Task description ▸
Make a word-for-word copy of the entries below from their first line through the line with "unfolding gap_eq[OF assms]", and add nothing.

Supplied records ▸
lemma tendsto_gap:
  assumes "0 < q0" "q0 < 1"
  shows "((\<lambda>q. gap q k) \<longlongrightarrow> gap q0 k) (at q0)"
proof -
  have "sqrt (1 - q0 ^ (2 * k + 2)) \<noteq> 0"
    using one_minus_even_power_bounds(1)[OF assms, of k] by simp
  then have "((\<lambda>q. (1 - q\<^sup>2) * q ^ k / sqrt (1 - q ^ (2 * k + 2))) \<longlongrightarrow> gap q0 k) (at q0)"
    unfolding gap_eq[OF assms] by (intro tendsto_intros)
  moreover have "eventually (\<lambda>q. q \<in> {0<..<1::real}) (at q0)"
    using assms by (intro eventually_at_in_open') auto
  then have "eventually (\<lambda>q. (1 - q\<^sup>2) * q ^ k / sqrt (1 - q ^ (2 * k + 2)) = gap q k) (at q0)"
    by eventually_elim (simp add: gap_eq)
  ultimately show ?thesis by (rule Lim_transform_eventually)
qed

text \<open>Points \<open>T\<^sub>q(n)\<close> with \<open>n \<le> N\<close> are matched with \<open>T\<^sub>p(n)\<close>, all others with \<open>0\<close>.\<close>

lemma tails_close:
  assumes q: "0 < q" "q < 1" and p: "0 < p" "p < 1"
    and s: "s \<in> insert 0 (range (tail q))"
  shows "\<exists>t\<in>insert 0 (range (tail p)).
           \<bar>s - t\<bar> \<le> (\<Sum>k<N. \<bar>gap q k - gap p k\<bar>) + tail q N + tail p N"
proof -
  have sum_abs_nonneg: "0 \<le> (\<Sum>k<N. \<bar>gap q k - gap p k\<bar>)" by (simp add: sum_nonneg)
  have tails_pos: "0 < tail q N" "0 < tail p N" using tail_pos q p by auto
  from s consider "s = 0" | n where "s = tail q n" "n \<le> N" | n where "s = tail q n" "N < n"
    by (metis image_iff insert_iff not_le)
  then show ?thesis
  proof cases
    case 1
    then show ?thesis using sum_abs_nonneg tails_pos by (intro bexI[of _ 0]) auto
  next
    case (2 n)
    have "\<bar>tail q n - tail p n\<bar> = \<bar>(\<Sum>k=n..<N. gap q k - gap p k) + (tail q N - tail p N)\<bar>"
      using tail_eq_sum_plus_tail[OF q 2(2)] tail_eq_sum_plus_tail[OF p 2(2)]
      by (simp add: sum_subtractf)
    also have "\<dots> \<le> (\<Sum>k=n..<N. \<bar>gap q k - gap p k\<bar>) + (tail q N + tail p N)"
      using tails_pos by (intro abs_triangle_ineq[THEN order_trans] add_mono sum_abs) auto
    also have "(\<Sum>k=n..<N. \<bar>gap q k - gap p k\<bar>) \<le> (\<Sum>k<N. \<bar>gap q k - gap p k\<bar>)"
      by (intro sum_mono2) auto
    finally show ?thesis using 2(1) by (intro bexI[of _ "tail p n"]) auto
  next
    case (3 n)
    then have "\<bar>s - 0\<bar> \<le> tail q N"
      using tail_antimono[OF q, of N n] tail_pos[OF q, of n] by simp
    then have "\<bar>s - 0\<bar> \<le> (\<Sum>k<N. \<bar>gap q k - gap p k\<bar>) + tail q N + tail p N"
      using sum_abs_nonneg tails_pos by linarith
    then show ?thesis by blast
  qed
qed

lemma GH_dist_Xq_Xq_le:
  assumes q: "0 < q" "q < 1" and p: "0 < p" "p < 1"
  shows "0 \<le> GH_dist (Xq q) (dq q) (Xq p) (dq p)"
    "GH_dist (Xq q) (dq q) (Xq p) (dq p)
       \<le> (\<Sum>k<N. \<bar>gap q k - gap p k\<bar>) + tail q N + tail p N"
proof -
  let ?h = "(\<Sum>k<N. \<bar>gap q k - gap p k\<bar>) + tail q N + tail p N"
  have cover_q: "\<exists>t\<in>(\<lambda>y. dq p y 0) ` Xq p. \<bar>s - t\<bar> \<le> ?h" if "s \<in> (\<lambda>x. dq q x 0) ` Xq q" for s
  proof -
    have "s \<in> insert 0 (range (tail q))"
      using that by (simp only: dq_zero_image[OF q])
    then obtain t where "t \<in> insert 0 (range (tail p))" "\<bar>s - t\<bar> \<le> ?h"
      using tails_close[OF q p] by blast
    then show ?thesis by (simp only: dq_zero_image[OF p]) blast
  qed
  have cover_p: "\<exists>s\<in>(\<lambda>x. dq q x 0) ` Xq q. \<bar>s - t\<bar> \<le> ?h" if "t \<in> (\<lambda>y. dq p y 0) ` Xq p" for t
  proof -
    have "t \<in> insert 0 (range (tail p))"
      using that by (simp only: dq_zero_image[OF p])
    then obtain s where s: "s \<in> insert 0 (range (tail q))"
        "\<bar>t - s\<bar> \<le> (\<Sum>k<N. \<bar>gap p k - gap q k\<bar>) + tail p N + tail q N"
      using tails_close[OF p q] by blast
    have "(\<Sum>k<N. \<bar>gap p k - gap q k\<bar>) = (\<Sum>k<N. \<bar>gap q k - gap p k\<bar>)"
      by (simp add: abs_minus_commute)
    then have "\<bar>s - t\<bar> \<le> ?h"
      using s(2) abs_minus_commute[of s t] by linarith
    with s(1) show ?thesis by (simp only: dq_zero_image[OF q]) blast
  qed
  have nonempty: "Xq q \<noteq> {}" "Xq p \<noteq> {}"
    using zero_in_Xq by auto
  have bounded: "bounded ((\<lambda>x. dq q x 0) ` Xq q)"
    using bounded_subset[OF bounded_closed_interval dq_zero_image_subset[OF q]] .
  show "0 \<le> GH_dist (Xq q) (dq q) (Xq p) (dq p)" "GH_dist (Xq q) (dq q) (Xq p) (dq p) \<le> ?h"
    using GH_dist_le_line_embeddings[where f = "\<lambda>x. dq q x 0" and g = "\<lambda>y. dq p y 0",
        OF nonempty dq_eq_abs_diff_dq_zero[OF q] dq_eq_abs_diff_dq_zero[OF p]
          inj_on_dq_zero[OF q] inj_on_dq_zero[OF p] bounded cover_q cover_p]
    by simp_all
qed

lemma tendsto_GH_dist_Xq:
  assumes q0: "0 < q0" "q0 < 1"
  shows "((\<lambda>q. GH_dist (Xq q) (dq q) (Xq q0) (dq q0)) \<longlongrightarrow> 0) (at q0)"
proof (rule tendstoI)
  fix \<epsilon> :: real assume "0 < \<epsilon>"
  define r where "r = (1 + q0) / 2"
  have r: "q0 < r" "r < 1" using q0 unfolding r_def by auto
  obtain N where N: "r ^ N < \<epsilon> / 3 * (1 - r)"
    using real_arch_pow_inv[of "\<epsilon> / 3 * (1 - r)" r] r \<open>0 < \<epsilon>\<close> q0 by auto
  have "r ^ N / (1 - r) < \<epsilon> / 3"
    using N r by (simp add: divide_less_eq)
  then have small_tail: "tail q N < \<epsilon> / 3" if "0 < q" "q \<le> r" for q
    using tail_le_power_uniform[OF that r(2), of N] by linarith
  have "((\<lambda>q. \<Sum>k<N. \<bar>gap q k - gap q0 k\<bar>) \<longlongrightarrow> (\<Sum>k<N. \<bar>gap q0 k - gap q0 k\<bar>)) (at q0)"
    by (intro tendsto_intros tendsto_gap[OF q0])
  then have "eventually (\<lambda>q. (\<Sum>k<N. \<bar>gap q k - gap q0 k\<bar>) < \<epsilon> / 3) (at q0)"
    using \<open>0 < \<epsilon>\<close> by (intro order_tendstoD(2)) auto
  moreover have "eventually (\<lambda>q. q \<in> {0<..<r}) (at q0)"
    using q0 r by (intro eventually_at_in_open') auto
  ultimately show "eventually (\<lambda>q. dist (GH_dist (Xq q) (dq q) (Xq q0) (dq q0)) 0 < \<epsilon>) (at q0)"
  proof eventually_elim
    case (elim q)
    then have q: "0 < q" "q < 1" using r by auto
    have "GH_dist (Xq q) (dq q) (Xq q0) (dq q0) < \<epsilon> / 3 + \<epsilon> / 3 + \<epsilon> / 3"
      using GH_dist_Xq_Xq_le(2)[OF q q0, of N] elim small_tail[of q] small_tail[OF q0(1)] r
      by fastforce
    then show ?case using GH_dist_Xq_Xq_le(1)[OF q q0] by (simp add: dist_real_def)
  qed
qed

lemma tail_near:
  assumes q: "0 < q" "q < 1" and t: "0 < t" "t < tail q 0"
  shows "\<exists>n. \<bar>t - tail q n\<bar> \<le> sqrt (1 - q\<^sup>2)"
proof -
  obtain N where "q ^ N < t * (1 - q)"
    using real_arch_pow_inv[of "t * (1 - q)" q] q t by auto
  then have "q ^ N / (1 - q) < t"
    using q by (simp add: divide_less_eq)
  then have "tail q N \<le> t"
    using tail_le_power[OF q, of N] by linarith
  define n where "n = (LEAST n. tail q n \<le> t)"
  have n: "tail q n \<le> t"
    unfolding n_def by (rule LeastI) fact
  then obtain k where k: "n = Suc k"
    using t by (cases n) auto
  have "\<not> tail q k \<le> t"
    using not_less_Least[of k "\<lambda>n. tail q n \<le> t"] k unfolding n_def by simp
  then have "t - tail q n < gap q k"
    using tail_Suc[OF q, of k] k by simp
  then show ?thesis
    using gap_le_sqrt[OF q, of k] n by (intro exI[of _ n]) simp
qed

lemma tails_close_to_interval:
  assumes q: "0 < q" "q < 1" and s: "0 \<le> s" "s \<le> tail q 0"
  shows "\<exists>t\<in>{0..pi}. \<bar>s - t\<bar> \<le> \<bar>tail q 0 - pi\<bar> + sqrt (1 - q\<^sup>2)"
proof -
  have "\<bar>s - min s pi\<bar> \<le> \<bar>tail q 0 - pi\<bar>"
    using s by (cases "s \<le> pi") (simp_all add: min_def abs_if)
  moreover have "0 \<le> sqrt (1 - q\<^sup>2)"
    using q by (simp add: power_le_one)
  moreover have "min s pi \<in> {0..pi}"
    using s pi_gt_zero by auto
  ultimately show ?thesis
    by (intro bexI[of _ "min s pi"]) linarith+
qed

lemma interval_close_to_tails:
  assumes q: "0 < q" "q < 1" and t: "0 \<le> t" "t \<le> pi"
  shows "\<exists>s\<in>insert 0 (range (tail q)). \<bar>s - t\<bar> \<le> \<bar>tail q 0 - pi\<bar> + sqrt (1 - q\<^sup>2)"
proof -
  have sqrt_nonneg: "0 \<le> sqrt (1 - q\<^sup>2)"
    using q by (simp add: power_le_one)
  consider "t = 0" | "tail q 0 \<le> t" | "0 < t" "t < tail q 0"
    using t by linarith
  then show ?thesis
  proof cases
    case 1
    then show ?thesis using sqrt_nonneg by auto
  next
    case 2
    then have "\<bar>tail q 0 - t\<bar> \<le> \<bar>tail q 0 - pi\<bar> + sqrt (1 - q\<^sup>2)"
      using t sqrt_nonneg by linarith
    then show ?thesis by blast
  next
    case 3
    then obtain n where "\<bar>t - tail q n\<bar> \<le> sqrt (1 - q\<^sup>2)"
      using tail_near[OF q] by blast
    then have "\<bar>tail q n - t\<bar> \<le> \<bar>tail q 0 - pi\<bar> + sqrt (1 - q\<^sup>2)"
      by (simp add: abs_minus_commute)
    then show ?thesis by blast
  qed
qed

Reply to the exercise ▸
lemma tendsto_gap:
  assumes "0 < q0" "q0 < 1"
  shows "((\<lambda>q. gap q k) \<longlongrightarrow> gap q0 k) (at q0)"
proof -
  have "sqrt (1 - q0 ^ (2 * k + 2)) \<noteq> 0"
    using one_minus_even_power_bounds(1)[OF assms, of k] by simp
  then have "((\<lambda>q. (1 - q\<^sup>2) * q ^ k / sqrt (1 - q ^ (2 * k + 2))) \<longlongrightarrow> gap q0 k) (at q0)"
    unfolding gap_eq[OF assms] by (intro tendsto_intros)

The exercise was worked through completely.